Detecting device and manufacturing method of detecting device
To provide a detecting device that is capable of securing flexibility in mounting and after mounting detectors such as antennas, and a manufacturing method of the detecting device. In the detecting device, a plurality of receiving antennas A11 to A18 and a radio unit are connected through a plurality of coaxial cables 10-1 to 10-8, and the plural and independent coaxial cables 10-1 to 10-8 are fixed at predetermined intervals with cable clips 20a to 20d in parallel, on a side of the radio unit, thereby being formed into a flat cable.
The present invention relates to a detecting device in which a plurality of detectors and a processing device that receives and processes a detection signal from the plurality of detectors are connected through a plurality of cables, and a manufacturing method of the detecting device.
BACKGROUND ARTRecently, in the field of endoscope, a swallowable capsule endoscope has appeared. In this capsule endoscope, an imaging function and a radio communication function are provided.
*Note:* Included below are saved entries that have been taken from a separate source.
lemma logbranch_has_field_derivative:
  assumes "classS f" "classS g" and z: "z \<in> ball 0 1"
  shows "(logbranch f g has_field_derivative preSchwarzian g z - preSchwarzian f z) (at z)"
proof -
  let ?B = "ball (0::complex) 1"
  have f: "f holomorphic_on ?B" "inj_on f ?B" "deriv f 0 = 1"
    and g: "g holomorphic_on ?B" "inj_on g ?B" "deriv g 0 = 1"
    using assms by (auto simp: classS_def)
  obtain L where exp_L: "\<And>w. w \<in> ?B \<Longrightarrow> exp (L w) = deriv g w / deriv f w"
    and L': "\<And>w. w \<in> ?B \<Longrightarrow> (L has_field_derivative preSchwarzian g w - preSchwarzian f w) (at w)"
    using holomorphic_log_deriv_quotient[of ?B f g] f g
    by (metis convex_ball convex_imp_contractible holomorphic_injective_imp_regular open_ball)
  define L0 where "L0 w = L w - L 0" for w
  have L0': "(L0 has_field_derivative preSchwarzian g w - preSchwarzian f w) (at w)" if "w \<in> ?B" for w
    unfolding L0_def using L'[OF that] by (auto intro!: derivative_eq_intros)
  have L0_cont: "continuous_on ?B L0"
    using L0' by (meson DERIV_isCont continuous_at_imp_continuous_on)
  have exp_L0: "exp (L0 w) = deriv (hmap f g) (f w)" if "w \<in> ?B" for w
    using exp_L[OF that] exp_L[of 0] f g that by (simp add: L0_def exp_diff deriv_hmap)
  have "\<exists>L. continuous_on ?B L \<and> L 0 = 0 \<and> (\<forall>w\<in>?B. exp (L w) = deriv (hmap f g) (f w))"
    using L0_cont exp_L0 by (intro exI[of _ L0]) (simp add: L0_def)
  then have "continuous_on ?B (logbranch f g) \<and> logbranch f g 0 = 0 \<and>
      (\<forall>w\<in>?B. exp (logbranch f g w) = deriv (hmap f g) (f w))"
    unfolding logbranch_def by (rule someI_ex)
  then have "logbranch f g w = L0 w" if "w \<in> ?B" for w
    using continuous_log_unique[of ?B "logbranch f g" L0 0 w] L0_cont exp_L0 that
    by (simp add: L0_def)
  then show ?thesis
    using has_field_derivative_transform_within_open[OF L0'[OF z] open_ball z] by simp
qed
The capsule endoscope has a function of sequentially taking images after the capsule endoscope is swallowed from the mouth of a patient for observation (examination) until naturally discharged out of a human body, while passing through body cavities, for example, inside of organs such as a stomach and a small intestine, according to the peristalsis thereof.
Image data obtained inside the body by the capsule endoscope while moving inside the body cavities is sequentially transmitted to the outside by radio communication, and stored in a memory provided in an external receiver. If the patient carries the receiver having the radio communication function and the memory function, the patient can freely move even during the period from swallowing the capsule endoscope until it is discharged. Doctors and nurses can perform diagnosis based on the image data stored in the memory by displaying images of the organs on a display.
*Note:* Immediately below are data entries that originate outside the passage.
lemma fully_invariant_hull_subset:
  assumes "is_subgroup T" "\<And>y. y \<in> L \<Longrightarrow> orbit y \<subseteq> T"
  shows "fully_invariant_hull L \<subseteq> T"
proof
  fix a assume "a \<in> fully_invariant_hull L"
  then show "a \<in> T"
  proof induction
    case (image y \<phi>)
    then show ?case using assms(2) unfolding orbit_def endos_def by blast
  qed (use assms(1) subgroup_zero subgroup_add subgroup_uminus in blast)+
qed

section \<open>An averaging argument\<close>

lemma card_quot_le_twice_outside:
  assumes R: "is_subgroup R" and W: "is_subgroup W" and V: "is_subgroup V" "W \<subseteq> V"
    and a: "a \<in> R" "a \<notin> V" and fin: "finite (quot R W)"
  shows "card (quot R W) \<le> 2 * card {C \<in> quot R W. \<not> C \<subseteq> V}"
proof -
  have coset_subset_iff: "coset x W \<subseteq> V \<longleftrightarrow> x \<in> V" for x
    using V subgroup_zero[OF W] subgroup_add[OF V(1)] by force
  let ?In = "{C \<in> quot R W. C \<subseteq> V}" and ?Out = "{C \<in> quot R W. \<not> C \<subseteq> V}"
  have "(\<lambda>C. coset a C) ` ?In \<subseteq> ?Out"
  proof
    fix D assume "D \<in> (\<lambda>C. coset a C) ` ?In"
    then obtain x where x: "x \<in> R" "x \<in> V" "D = coset a (coset x W)"
      unfolding quot_def by (auto simp: coset_subset_iff)
    then have D: "D = coset (a + x) W" by (simp add: image_image add.assoc)
    have "a + x \<notin> V"
      using a(2) subgroup_diff[OF V(1), of "a + x" x] x(2) by auto
    then show "D \<in> ?Out"
      unfolding D quot_def using subgroup_add[OF R a(1) x(1)] coset_subset_iff by blast
  qed
  moreover have "inj_on (\<lambda>C. coset a C) ?In" by (rule inj_onI) (simp add: inj_image_eq_iff)
  ultimately have "card ?In \<le> card ?Out"
    using fin by (intro card_inj_on_le) auto
  moreover have "card (quot R W) = card ?In + card ?Out"
    using fin by (subst card_Un_disjoint[symmetric]) (auto intro: arg_cong[where f = card])
  ultimately show ?thesis by simp
qed

lemma exists_frequent_element:
  fixes k :: nat
  assumes "finite Q" "Q \<noteq> {}" "finite I" "\<And>i. i \<in> I \<Longrightarrow> card Q \<le> k * card {q \<in> Q. P i q}"
  shows "\<exists>q\<in>Q. card I \<le> k * card {i \<in> I. P i q}"
proof (rule ccontr)
  assume "\<not> ?thesis"
  then have less: "k * card {i \<in> I. P i q} < card I" if "q \<in> Q" for q
    using that by auto
  have card_eq: "card {x \<in> A. R x} = (\<Sum>x\<in>A. if R x then 1 else 0)" if "finite A" for A and R :: "'c \<Rightarrow> bool"
    using that by (simp add: sum.inter_filter[symmetric])
  have "card I * card Q = (\<Sum>i\<in>I. card Q)" by simp
  also have "\<dots> \<le> (\<Sum>i\<in>I. k * card {q \<in> Q. P i q})" using assms(4) by (rule sum_mono)
  also have "\<dots> = k * (\<Sum>q\<in>Q. card {i \<in> I. P i q})"
    using assms(1,3) by (simp add: card_eq sum_distrib_left sum.swap[of _ I])
  also have "\<dots> = (\<Sum>q\<in>Q. k * card {i \<in> I. P i q})" by (simp add: sum_distrib_left)
  also have "\<dots> < (\<Sum>q\<in>Q. card I)" using assms(1,2) less by (rule sum_strict_mono)
  also have "\<dots> = card I * card Q" by simp
  finally show False by simp
qed

lemma exists_outside_half:
  assumes R: "is_subgroup R" and W: "is_subgroup W" "finite (quot R W)" and "finite I"
    and V: "\<And>i. i \<in> I \<Longrightarrow> is_subgroup (V i) \<and> W \<subseteq> V i \<and> \<not> R \<subseteq> V i"
  shows "\<exists>x\<in>R. card I \<le> 2 * card {i \<in> I. x \<notin> V i}"
proof -
  have "quot R W \<noteq> {}" using subgroup_zero[OF R] unfolding quot_def by blast
  moreover have "card (quot R W) \<le> 2 * card {C \<in> quot R W. \<not> C \<subseteq> V i}" if "i \<in> I" for i
    using V[OF that] card_quot_le_twice_outside[OF R W(1) _ _ _ _ W(2)] by blast
  ultimately obtain C where C: "C \<in> quot R W" "card I \<le> 2 * card {i \<in> I. \<not> C \<subseteq> V i}"
    using exists_frequent_element[OF W(2) _ assms(4), of 2 "\<lambda>i C. \<not> C \<subseteq> V i"] by blast
  then obtain x where x: "x \<in> R" "C = coset x W" unfolding quot_def by blast
  have "C \<subseteq> V i \<longleftrightarrow> x \<in> V i" if "i \<in> I" for i
    using V[OF that] x(2) subgroup_zero[OF W(1)] subgroup_add[of "V i"] by force
  then have "{i \<in> I. \<not> C \<subseteq> V i} = {i \<in> I. x \<notin> V i}" by blast
  with C(2) x(1) show ?thesis by auto
qed

section \<open>Uniformly fully inert subgroups\<close>

definition inert_bound :: "'k::ab_group_add set \<Rightarrow> nat \<Rightarrow> bool" where
  "inert_bound S m \<longleftrightarrow> (\<forall>\<phi>. endo \<phi> \<longrightarrow>
     finite (quot (sumset (\<phi> ` S) S) S) \<and> card (quot (sumset (\<phi> ` S) S) S) \<le> m)"

lemma uniformly_fully_inertD:
  assumes "uniformly_fully_inert S"
  obtains m where "is_subgroup S" "inert_bound S m"
  using assms unfolding uniformly_fully_inert_def inert_bound_def by blast

lemma card_le_inert_bound:
  assumes m: "inert_bound S m" and S: "is_subgroup S" and "endo \<phi>" "finite I" "g ` I \<subseteq> S"
    and incongruent: "\<And>i j. i \<in> I \<Longrightarrow> j \<in> I \<Longrightarrow> i \<noteq> j \<Longrightarrow> \<phi> (g i) - \<phi> (g j) \<notin> S"
  shows "card I \<le> m"
proof -
  let ?Q = "quot (sumset (\<phi> ` S) S) S"
  have "inj_on (\<lambda>i. coset (\<phi> (g i)) S) I"
    using incongruent by (intro inj_onI) (auto simp: coset_eq_iff[OF S])
  moreover have "(\<lambda>i. coset (\<phi> (g i)) S) ` I \<subseteq> ?Q"
  proof -
    have "\<phi> (g i) \<in> sumset (\<phi> ` S) S" if "i \<in> I" for i
      using that \<open>g ` I \<subseteq> S\<close> subset_sumset_left[OF subgroup_zero[OF S]] by blast
    then show ?thesis unfolding quot_def by blast
  qed
  ultimately have "card I \<le> card ?Q"
    using m \<open>endo \<phi>\<close> unfolding inert_bound_def by (metis card_inj_on_le)
  also have "\<dots> \<le> m" using m \<open>endo \<phi>\<close> unfolding inert_bound_def by blast
  finally show ?thesis .
qed

lemma finite_quot_Int_orbit_finite_mod:
  assumes m: "inert_bound S m" and S: "is_subgroup S"
  shows "finite (quot S (S \<inter> orbit_finite_mod S))"
proof (rule ccontr)
  let ?L = "S \<inter> orbit_finite_mod S"
  assume "infinite (quot S ?L)"
  then obtain X where X: "X \<subseteq> S" "finite X" "card X = Suc m"
    and incongruent: "\<And>x y. x \<in> X \<Longrightarrow> y \<in> X \<Longrightarrow> x \<noteq> y \<Longrightarrow> x - y \<notin> ?L"
    using infinite_quot_obtain_incongruent subgroup_Int[OF S subgroup_orbit_finite_mod[OF S]]
    by metis
  define \<H> where "\<H> = {colon S (x - y) | x y. x \<in> X \<and> y \<in> X \<and> x \<noteq> y}"
  have "\<not> endos \<subseteq> \<Union>\<H>"
  proof
    assume cover: "endos \<subseteq> \<Union>\<H>"
    have "\<H> \<subseteq> (\<lambda>(x, y). colon S (x - y)) ` (X \<times> X)" unfolding \<H>_def by auto
    with X(2) have "finite \<H>" by (meson finite_SigmaI finite_imageI finite_subset)
    moreover have "is_subgroup H \<and> H \<subseteq> endos" if "H \<in> \<H>" for H
      using that subgroup_colon[OF S] unfolding \<H>_def colon_def by auto
    ultimately obtain H where H: "H \<in> \<H>" "finite (quot endos H)"
      using subgroup_cover_finite_index[OF subgroup_endos _ _ cover] by blast
    then obtain x y where "x \<in> X" "y \<in> X" "x \<noteq> y" "H = colon S (x - y)"
      unfolding \<H>_def by blast
    moreover from this(1,2) have "x - y \<in> S" using X(1) subgroup_diff[OF S] by blast
    ultimately show False using H(2) incongruent unfolding orbit_finite_mod_def by blast
  qed
  then obtain \<phi> where \<phi>: "endo \<phi>" "\<And>H. H \<in> \<H> \<Longrightarrow> \<phi> \<notin> H" unfolding endos_def by blast
  have "\<phi> x - \<phi> y \<notin> S" if "x \<in> X" "y \<in> X" "x \<noteq> y" for x y
  proof -
    have "\<phi> \<notin> colon S (x - y)" using \<phi>(2) that unfolding \<H>_def by blast
    with \<phi>(1) show ?thesis unfolding colon_def endos_def by (simp add: endo_diff)
  qed
  then have "card X \<le> m" using card_le_inert_bound[OF m S \<phi>(1) X(2), of id] X(1) by auto
  with X(3) show False by simp
qed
For more detailed information on conventional techniques, see Japanese Patent Application Laid-Open No. 2003-19111.
DISCLOSURE OF INVENTION Problem to be Solved by the InventionThe above described receiver serving as a detecting device includes antennas serving as a plurality of detectors that are arranged at desirable positions on the outside-body of a patient, and the antennas and the receiver are connected with a plurality of coaxial cables. Since mounting becomes difficult due to free movement of the plural coaxial cables, there has been a technique in which the respective antennas are prevented from scattering by forming the coaxial cables into a flat cable by wrapping with a one-piece outer layer such that this flat cable sequentially branches off to the antennas.
However, when the antennas are mounted on the outside-body of a patient using this flat cable, since each coaxial cable is provided in a form of a flat cable, movement of the cables in a lateral direction, which is a direction perpendicular to a longitudinal direction of the coaxial cables, is limited. Therefore, there has been a problem in which flexibility in mounting the antennas is limited and movement of the patient is restricted.
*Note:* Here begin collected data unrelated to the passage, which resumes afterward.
(* Let $\Phi=\{\phi_j\}$ be a $\Phi$-sequence, $\nu$ a modulus of variation, and $1\le p<\infty$. Then $\Phi\mathrm{BV}\subseteq V_p[\nu]$ (as classes of functions on $[0,1]$) if and only if $$\limsup_{n\to\infty}\frac{1}{\nu(n)}\max_{1\le k\le n}k^{1/p}\,\Phi_k^{-1}(1)<\infty.$$
   Context: A $\Phi$-sequence is a sequence $\{\phi_j\}_{j\ge1}$ of increasing convex functions on $[0,\infty)$ with $\phi_j(0)=0$, $0<\phi_{j+1}(x)\le\phi_j(x)$ for all $j$ and $x>0$, and $\sum_j\phi_j(x)=\infty$ for $x>0$. $\Phi_n=\sum_{j=1}^n\phi_j$ and $\Phi_n^{-1}$ is its inverse function. $\mathrm{Var}_\Phi(f)=\sup\sum_{j=1}^n\phi_j(|f(I_j)|)$ over all finite collections $\{I_j\}$ of nonoverlapping subintervals of $[0,1]$, with $f(I)=f(\sup I)-f(\inf I)$; $\Phi\mathrm{BV}$ is the set of $f$ such that $\mathrm{Var}_\Phi(cf)<\infty$ for some $c>0$. A modulus of variation is a nondecreasing concave sequence of positive numbers $\nu(1),\nu(2),\dots$. $\upsilon_p(n,f)=\sup(\sum_{j=1}^n|f(I_j)|^p)^{1/p}$ over $n$ nonoverlapping subintervals of $[0,1]$, and $V_p[\nu]$ is the set of bounded $f$ on $[0,1]$ with $\sup_n\upsilon_p(n,f)/\nu(n)<\infty$. *)

theory Defs
  imports "HOL-Analysis.Analysis" "HOL-Library.Extended_Real"
begin

text \<open>Sequences are indexed from 1; the value at index 0 is irrelevant.\<close>

definition Phi_sequence :: "(nat \<Rightarrow> real \<Rightarrow> real) \<Rightarrow> bool" where
  "Phi_sequence phi \<longleftrightarrow>
     (\<forall>j\<ge>1. mono_on {0..} (phi j) \<and> convex_on {0..} (phi j) \<and> phi j 0 = 0) \<and>
     (\<forall>j\<ge>1. \<forall>x>0. 0 < phi (Suc j) x \<and> phi (Suc j) x \<le> phi j x) \<and>
     (\<forall>j\<ge>1. \<forall>x>0. 0 < phi j x) \<and>
     (\<forall>x>0. \<not> summable (\<lambda>j. phi (Suc j) x))"

definition Phi_n :: "(nat \<Rightarrow> real \<Rightarrow> real) \<Rightarrow> nat \<Rightarrow> real \<Rightarrow> real" where
  "Phi_n phi n x = (\<Sum>j=1..n. phi j x)"

definition Phi_n_inv :: "(nat \<Rightarrow> real \<Rightarrow> real) \<Rightarrow> nat \<Rightarrow> real \<Rightarrow> real" where
  "Phi_n_inv phi n y = (THE x. 0 \<le> x \<and> Phi_n phi n x = y)"

definition nonoverlapping :: "nat \<Rightarrow> (nat \<Rightarrow> real) \<Rightarrow> (nat \<Rightarrow> real) \<Rightarrow> bool" where
  "nonoverlapping n a b \<longleftrightarrow>
     (\<forall>j\<in>{1..n}. 0 \<le> a j \<and> a j \<le> b j \<and> b j \<le> 1) \<and>
     (\<forall>i\<in>{1..n}. \<forall>j\<in>{1..n}. i \<noteq> j \<longrightarrow> b i \<le> a j \<or> b j \<le> a i)"

definition Var_Phi :: "(nat \<Rightarrow> real \<Rightarrow> real) \<Rightarrow> (real \<Rightarrow> real) \<Rightarrow> ereal" where
  "Var_Phi phi f = (SUP (n, a, b) \<in> {(n, a, b). nonoverlapping n a b}.
      ereal (\<Sum>j=1..n. phi j \<bar>f (b j) - f (a j)\<bar>))"

definition PhiBV :: "(nat \<Rightarrow> real \<Rightarrow> real) \<Rightarrow> (real \<Rightarrow> real) set" where
  "PhiBV phi = {f. \<exists>c>0. Var_Phi phi (\<lambda>x. c * f x) < \<infinity>}"

definition modulus_of_variation :: "(nat \<Rightarrow> real) \<Rightarrow> bool" where
  "modulus_of_variation nu \<longleftrightarrow>
     (\<forall>n\<ge>1. 0 < nu n \<and> nu n \<le> nu (Suc n)) \<and>
     (\<forall>n\<ge>1. nu (Suc (Suc n)) - nu (Suc n) \<le> nu (Suc n) - nu n)"

definition upsilon_p :: "real \<Rightarrow> nat \<Rightarrow> (real \<Rightarrow> real) \<Rightarrow> ereal" where
  "upsilon_p p n f = (SUP (a, b) \<in> {(a, b). nonoverlapping n a b}.
      ereal ((\<Sum>j=1..n. \<bar>f (b j) - f (a j)\<bar> powr p) powr (1 / p)))"

definition V_p :: "real \<Rightarrow> (nat \<Rightarrow> real) \<Rightarrow> (real \<Rightarrow> real) set" where
  "V_p p nu = {f. bounded (f ` {0..1}) \<and>
      (SUP n\<in>{1..}. upsilon_p p n f / ereal (nu n)) < \<infinity>}"

end

theory Submission
  imports Defs "HOL-Library.Nat_Bijection"
begin

text \<open>
Write \<open>a k = Phi_n_inv phi k 1\<close>, i.e. \<open>Phi_k (a k) = 1\<close>; the limsup condition says that
\<open>k powr (1/p) * a k \<le> C * nu k\<close> for all \<open>k\<close>.

Sufficiency: scale \<open>f\<close> so that all its \<open>Phi\<close>-variation sums are at most 1 and sort the
increments over \<open>n\<close> intervals decreasingly, \<open>x 1 \<ge> \<dots> \<ge> x n\<close>; then \<open>\<Sum>j. phi j (x j) \<le> 1\<close>.
With \<open>E = max {k * a k powr p | k \<le> n}\<close>, the increments below \<open>a n\<close> contribute at most
\<open>n * a n powr p \<le> E\<close>, and every other one satisfies \<open>k * x k powr p \<le> 2 E Phi_k (x k)\<close>.
Abel summation together with the convexity of \<open>Phi_k\<close> turns these into
\<open>\<Sum>k. x k powr p \<le> 2 p E \<Sum>k. phi k (x k)\<close>, so the \<open>p\<close>-variation over \<open>n\<close> intervals is at most
\<open>((2p + 1) E) powr (1/p) \<le> (2p + 1) powr (1/p) * C * nu n\<close>.

Necessity: otherwise pick \<open>k i\<close> with \<open>k i powr (1/p) * a (k i) > 4^i * nu (k i)\<close> and let \<open>f\<close>
have, for every \<open>i\<close>, \<open>k i\<close> spikes of height \<open>h i = a (k i) / 2^i\<close> at distinct points \<open>1/(m+1)\<close>.
Every \<open>Phi\<close>-variation sum of \<open>f\<close> is at most twice a sum of values of the \<open>phi j\<close> at spike
heights, to which block \<open>i\<close> contributes at most \<open>Phi_(k i) (h i) \<le> 2^-i\<close>; so \<open>f\<close> is in
\<open>PhiBV\<close>, while the spikes of block \<open>i\<close> alone give \<open>upsilon_p p (k i) f > 2^i * nu (k i)\<close>.
\<close>

lemma one_minus_powr_le:
  fixes t p :: real
  assumes "1 \<le> p" "0 \<le> t" "t \<le> 1"
  shows "1 - t powr p \<le> p * (1 - t)"
proof (cases "t = 0")
  case True
  then show ?thesis using assms by simp
next
  case False
  then have "p * 1 powr (p - 1) * (t - 1) \<le> t powr p - 1 powr p"
    using assms
    by (intro convex_on_imp_above_tangent[where A = "{0<..}", OF powr_convex])
       (auto intro!: derivative_eq_intros simp: interior_open)
  then show ?thesis by (simp add: algebra_simps)
qed

lemma sum_abs_powr_scale:
  fixes t :: real
  assumes "0 \<le> t"
  shows "(\<Sum>j\<in>A. \<bar>t * u j\<bar> powr p) = t powr p * (\<Sum>j\<in>A. \<bar>u j\<bar> powr p)"
  using assms by (simp add: abs_mult powr_mult sum_distrib_left)

lemma modulus_of_variation_pos: "modulus_of_variation nu \<Longrightarrow> n \<ge> 1 \<Longrightarrow> 0 < nu n"
  unfolding modulus_of_variation_def by simp

lemma modulus_of_variation_mono:
  assumes "modulus_of_variation nu"
  shows "mono_on {1..} nu"
proof (rule mono_onI)
  fix k n :: nat
  assume "k \<in> {1..}" and "k \<le> n"
  from \<open>k \<le> n\<close> show "nu k \<le> nu n"
  proof (induction n rule: dec_induct)
    case (step m)
    have "nu m \<le> nu (Suc m)"
      using assms \<open>k \<in> {1..}\<close> step(1) unfolding modulus_of_variation_def by simp
    then show ?case using step(3) by simp
  qed simp
qed

lemma limsup_Max_div_less_PInfD:
  fixes r nu :: "nat \<Rightarrow> real"
  assumes pos: "\<And>n. n \<ge> 1 \<Longrightarrow> 0 < nu n"
    and limsup: "limsup (\<lambda>n. ereal ((1 / nu n) * Max (r ` {1..n}))) < \<infinity>"
  obtains C where "\<And>k. k \<ge> 1 \<Longrightarrow> r k \<le> C * nu k"
proof -
  let ?X = "\<lambda>n. ereal ((1 / nu n) * Max (r ` {1..n}))"
  have "limsup ?X \<noteq> \<infinity>" using limsup by simp
  then obtain L :: nat where L: "limsup ?X < ereal (real L)"
    unfolding less_PInf_Ex_of_nat ..
  obtain N where N: "\<And>n. n \<ge> N \<Longrightarrow> ?X n < ereal L"
    using Limsup_lessD[OF L] by (auto simp: eventually_sequentially)
  define C where "C = max L (Max ((\<lambda>k. r k / nu k) ` {1..N}))"
  have "r k \<le> C * nu k" if k: "k \<ge> 1" for k
  proof (cases "N \<le> k")
    case True
    have "r k \<le> Max (r ` {1..k})" using k by (intro Max_ge) auto
    also have "\<dots> < L * nu k" using N[OF True] pos[OF k] by (simp add: field_simps)
    also have "\<dots> \<le> C * nu k" using pos[OF k] by (intro mult_right_mono) (auto simp: C_def)
    finally show ?thesis by simp
  next
    case False
    then have "r k / nu k \<le> C" unfolding C_def using k by (intro max.coboundedI2 Max_ge) auto
    then show ?thesis using pos[OF k] by (simp add: field_simps)
  qed
  then show ?thesis using that by blast
qed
The present invention has been achieved in view of the above problems, and it is an object of the present invention to provide a detecting device capable of securing flexibility at the time of mounting and after mounting the detectors such as antennas, and a manufacturing method of the detecting device.
Means for Solving ProblemA detecting device according to one aspect of the present invention includes a plurality of detectors and a processing device which receives and processes a detection signal from the detectors are connected through a plurality of cables, a cable clip that forms the plurality of respective cables into a flat cable so that the cables which are placed parallel to and in contact with each other are restrained from moving at desirable positions from a side of the processing device.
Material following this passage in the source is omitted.